If $\left( \operatorname{secA}+\operatorname{tanA} \right)\left( \operatorname{secB}+\operatorname{tanB} \right)\left( \operatorname{secC}+\operatorname{tanC} \right)=\left( \operatorname{secA}-\operatorname{tanA} \right)\left( \operatorname{secB}-\operatorname{tanB} \right)\left( \operatorname{secC}-\operatorname{tanC} \right)$ prove that each is equal to $\pm 1$.

Question

If $\left( \operatorname{secA}+\operatorname{tanA} \right)\left( \operatorname{secB}+\operatorname{tanB} \right)\left( \operatorname{secC}+\operatorname{tanC} \right)=\left( \operatorname{secA}-\operatorname{tanA} \right)\left( \operatorname{secB}-\operatorname{tanB} \right)\left( \operatorname{secC}-\operatorname{tanC} \right)$ prove that each is equal to $\pm 1$.
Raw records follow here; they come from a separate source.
text \<open>A left H-module structure on the k-vector space (V, scale): rho i is the action of the
  basis element with index i. The action of an arbitrary element h of H is hact.\<close>
definition hact :: "('k::field \<Rightarrow> 'v::ab_group_add \<Rightarrow> 'v) \<Rightarrow> (bidx \<Rightarrow> 'v \<Rightarrow> 'v)
    \<Rightarrow> (bidx \<Rightarrow> 'k) \<Rightarrow> 'v \<Rightarrow> 'v" where
  "hact scale \<rho> h v = (\<Sum>t\<in>hsupp h. scale (h t) (\<rho> t v))"

definition hmodule :: "('k::field \<Rightarrow> 'v::ab_group_add \<Rightarrow> 'v) \<Rightarrow> nat \<Rightarrow> nat \<Rightarrow> 'k
    \<Rightarrow> (bidx \<Rightarrow> 'v \<Rightarrow> 'v) \<Rightarrow> bool" where
  "hmodule scale n w \<gamma> \<rho> \<longleftrightarrow>
     (\<forall>i. validx n i \<longrightarrow> Vector_Spaces.linear scale scale (\<rho> i)) \<and>
     (\<forall>v. hact scale \<rho> (hone n w) v = v) \<and>
     (\<forall>i j v. validx n i \<longrightarrow> validx n j \<longrightarrow>
        \<rho> i (\<rho> j v) = hact scale \<rho> (bmul n w \<gamma> i j) v)"

text \<open>A left H-comodule structure: delta(v) = sum_i e_i (x) phi i v, e_i the basis elements.\<close>
definition hcomodule :: "('k::field \<Rightarrow> 'v::ab_group_add \<Rightarrow> 'v) \<Rightarrow> nat \<Rightarrow> nat \<Rightarrow> 'k
    \<Rightarrow> (bidx \<Rightarrow> 'v \<Rightarrow> 'v) \<Rightarrow> bool" where
  "hcomodule scale n w \<gamma> \<phi> \<longleftrightarrow>
     (\<forall>i. Vector_Spaces.linear scale scale (\<phi> i)) \<and>
     (\<forall>i v. \<not> validx n i \<longrightarrow> \<phi> i v = 0) \<and>
     (\<forall>v. finite {i. \<phi> i v \<noteq> 0}) \<and>
     (\<forall>v. (\<Sum>i\<in>{i. \<phi> i v \<noteq> 0}. scale (eps i) (\<phi> i v)) = v) \<and>
     (\<forall>v p q. (\<Sum>i\<in>{i. \<phi> i v \<noteq> 0}. scale (cop n w \<gamma> i (p, q)) (\<phi> i v)) = \<phi> q (\<phi> p v))"

text \<open>Left-left Yetter-Drinfeld compatibility
  delta(h.v) = h1 v(-1) S(h3) (x) h2.v(0), for h running through the basis of H
  (both sides are linear in h).\<close>
definition yd_module :: "('k::field \<Rightarrow> 'v::ab_group_add \<Rightarrow> 'v) \<Rightarrow> nat \<Rightarrow> nat \<Rightarrow> 'k
    \<Rightarrow> (bidx \<Rightarrow> 'v \<Rightarrow> 'v) \<Rightarrow> (bidx \<Rightarrow> 'v \<Rightarrow> 'v) \<Rightarrow> bool" where
  "yd_module scale n w \<gamma> \<rho> \<phi> \<longleftrightarrow>
     hmodule scale n w \<gamma> \<rho> \<and> hcomodule scale n w \<gamma> \<phi> \<and>
     (\<forall>l v t. validx n l \<longrightarrow>
        \<phi> t (\<rho> l v) =
          (\<Sum>(p, q, r)\<in>hsupp (cop2 n w \<gamma> l). \<Sum>s\<in>{s. \<phi> s v \<noteq> 0}.
             scale (cop2 n w \<gamma> l (p, q, r) *
                    hmul n w \<gamma> (bmul n w \<gamma> p s) (antip n w \<gamma> r) t)
                   (\<rho> q (\<phi> s v))))"

definition subcomodule :: "('k::field \<Rightarrow> 'v::ab_group_add \<Rightarrow> 'v) \<Rightarrow> (bidx \<Rightarrow> 'v \<Rightarrow> 'v)
    \<Rightarrow> 'v set \<Rightarrow> bool" where
  "subcomodule scale \<phi> W \<longleftrightarrow> module.subspace scale W \<and> (\<forall>i. \<forall>u\<in>W. \<phi> i u \<in> W)"

definition yd_submodule :: "('k::field \<Rightarrow> 'v::ab_group_add \<Rightarrow> 'v) \<Rightarrow> nat
    \<Rightarrow> (bidx \<Rightarrow> 'v \<Rightarrow> 'v) \<Rightarrow> (bidx \<Rightarrow> 'v \<Rightarrow> 'v) \<Rightarrow> 'v set \<Rightarrow> bool" where
  "yd_submodule scale n \<rho> \<phi> W \<longleftrightarrow>
     subcomodule scale \<phi> W \<and> (\<forall>i. validx n i \<longrightarrow> (\<forall>u\<in>W. \<rho> i u \<in> W))"

definition standard_element :: "('k::field \<Rightarrow> 'v::ab_group_add \<Rightarrow> 'v) \<Rightarrow> nat \<Rightarrow> nat
    \<Rightarrow> (bidx \<Rightarrow> 'v \<Rightarrow> 'v) \<Rightarrow> (bidx \<Rightarrow> 'v \<Rightarrow> 'v) \<Rightarrow> 'v \<Rightarrow> 'k \<Rightarrow> 'k \<Rightarrow> int \<Rightarrow> int \<Rightarrow> bool" where
  "standard_element scale n w \<rho> \<phi> v \<alpha> \<beta> r i \<longleftrightarrow>
     v \<noteq> 0 \<and> \<alpha> \<noteq> 0 \<and> \<beta> \<noteq> 0 \<and>
     hact scale \<rho> (hx n w) v = scale \<alpha> v \<and>
     hact scale \<rho> (hg n w) v = scale \<beta> v \<and>
     (\<forall>j. \<phi> j v = scale (mono n w 0 i r j) v)"

end

theory Submission
  imports Defs
begin

(* Since x is central and y g = gamma g y in H, the vector y^m.v is an eigenvector of x and g with
   eigenvalues alpha and beta gamma^-m, so every basis element y^a g^b x^c of H maps y^m.v to a
   multiple of y^(m+a).v. On the comodule side, Delta does not raise the total y-degree; hence in the
   Yetter-Drinfeld condition delta(h.u) = h1 u(-1) S(h3) (x) h2.u(0) only elements h2 of y-degree at
   most that of h act on the coefficients of delta(u). By induction on m all coefficients of
   delta(y^m.v) lie in V(v,m). Finally, if y^(k+1).v lies in V(v,k), this space contains every y^m.v
   and is therefore stable under H. *)

definition helem :: "nat \<Rightarrow> (bidx \<Rightarrow> 'k::zero) \<Rightarrow> bool" where
  "helem n f \<longleftrightarrow> finite (hsupp f) \<and> (\<forall>t\<in>hsupp f. validx n t)"

lemma hsupp_bas [simp]: "hsupp (bas i :: bidx \<Rightarrow> 'k::field) = {i}"
  by (auto simp: hsupp_def bas_def)

lemma helem_bas: "validx n i \<Longrightarrow> helem n (bas i :: bidx \<Rightarrow> 'k::field)"
  by (simp add: helem_def)

lemma mono_nonzeroD:
  assumes "mono n w A B C t \<noteq> (0::'k::field)"
  shows "\<exists>k\<le>A div n. t = (A mod n, nat (B mod int n), C + int w * (B div int n) + int w * int k)"
proof -
  from assms obtain k where "k \<in> {..A div n}" "(-1) ^ k * of_nat (A div n choose k) *
      bas (A mod n, nat (B mod int n), C + int w * (B div int n) + int w * int k) t \<noteq> (0::'k)"
    unfolding mono_def by (rule sum.not_neutral_contains_not_neutral)
  then show ?thesis by (auto simp: bas_def split: if_splits)
qed

lemma mono_nonzero_fst:
  "mono n w A B C t \<noteq> (0::'k::field) \<Longrightarrow> fst t = A mod n"
  by (drule mono_nonzeroD) force

lemma mono_nonzero_validx:
  "n > 0 \<Longrightarrow> mono n w A B C t \<noteq> (0::'k::field) \<Longrightarrow> validx n t"
  by (drule mono_nonzeroD) (force simp: validx_def nat_less_iff)

lemma finite_hsupp_mono: "finite (hsupp (mono n w A B C :: bidx \<Rightarrow> 'k::field))"
proof (rule finite_subset)
  show "hsupp (mono n w A B C :: bidx \<Rightarrow> 'k) \<subseteq>
      (\<lambda>k. (A mod n, nat (B mod int n), C + int w * (B div int n) + int w * int k)) ` {..A div n}"
    by (auto simp: hsupp_def dest!: mono_nonzeroD)
qed simp

lemma helem_mono: "n > 0 \<Longrightarrow> helem n (mono n w A B C :: bidx \<Rightarrow> 'k::field)"
  by (simp add: helem_def finite_hsupp_mono) (simp add: hsupp_def mono_nonzero_validx)

lemma mono_eq_bas: "A < n \<Longrightarrow> 0 \<le> B \<Longrightarrow> B < int n \<Longrightarrow> mono n w A B C = bas (A, nat B, C)"
  by (simp add: mono_def)

lemma mono_0_eq_bas: "mono n w 0 B C = bas (0, nat (B mod int n), C + int w * (B div int n))"
  by (simp add: mono_def)

lemma hone_eq_bas: "hone n w = bas (0, 0, 0)"
  by (simp add: hone_def mono_0_eq_bas)

lemma hx_eq_bas: "hx n w = bas (0, 0, 1)"
  by (simp add: hx_def mono_0_eq_bas)

lemma hg_eq_bas: "n \<ge> 2 \<Longrightarrow> hg n w = bas (0, 1, 0)"
  by (simp add: hg_def mono_eq_bas)

lemma hy_eq_bas: "n \<ge> 2 \<Longrightarrow> hy n w = bas (1, 0, 0)"
  by (simp add: hy_def mono_eq_bas)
Vedantu Content Team · Accepted Answer

Hint: Relate the identity ${{\sec }^{2}}\theta -{{\tan }^{2}}\theta =1$ with the identity ${{a}^{2}}-{{b}^{2}}=\left( a-b \right)\left( a+b \right)$ and express it as $\left( \sec \theta -\tan \theta \right)\left( \sec \theta +\tan \theta \right)=1$. Put $\theta =A,B,C$ in this expression and multiply them and hence, use the given result in the problem to prove the given statement.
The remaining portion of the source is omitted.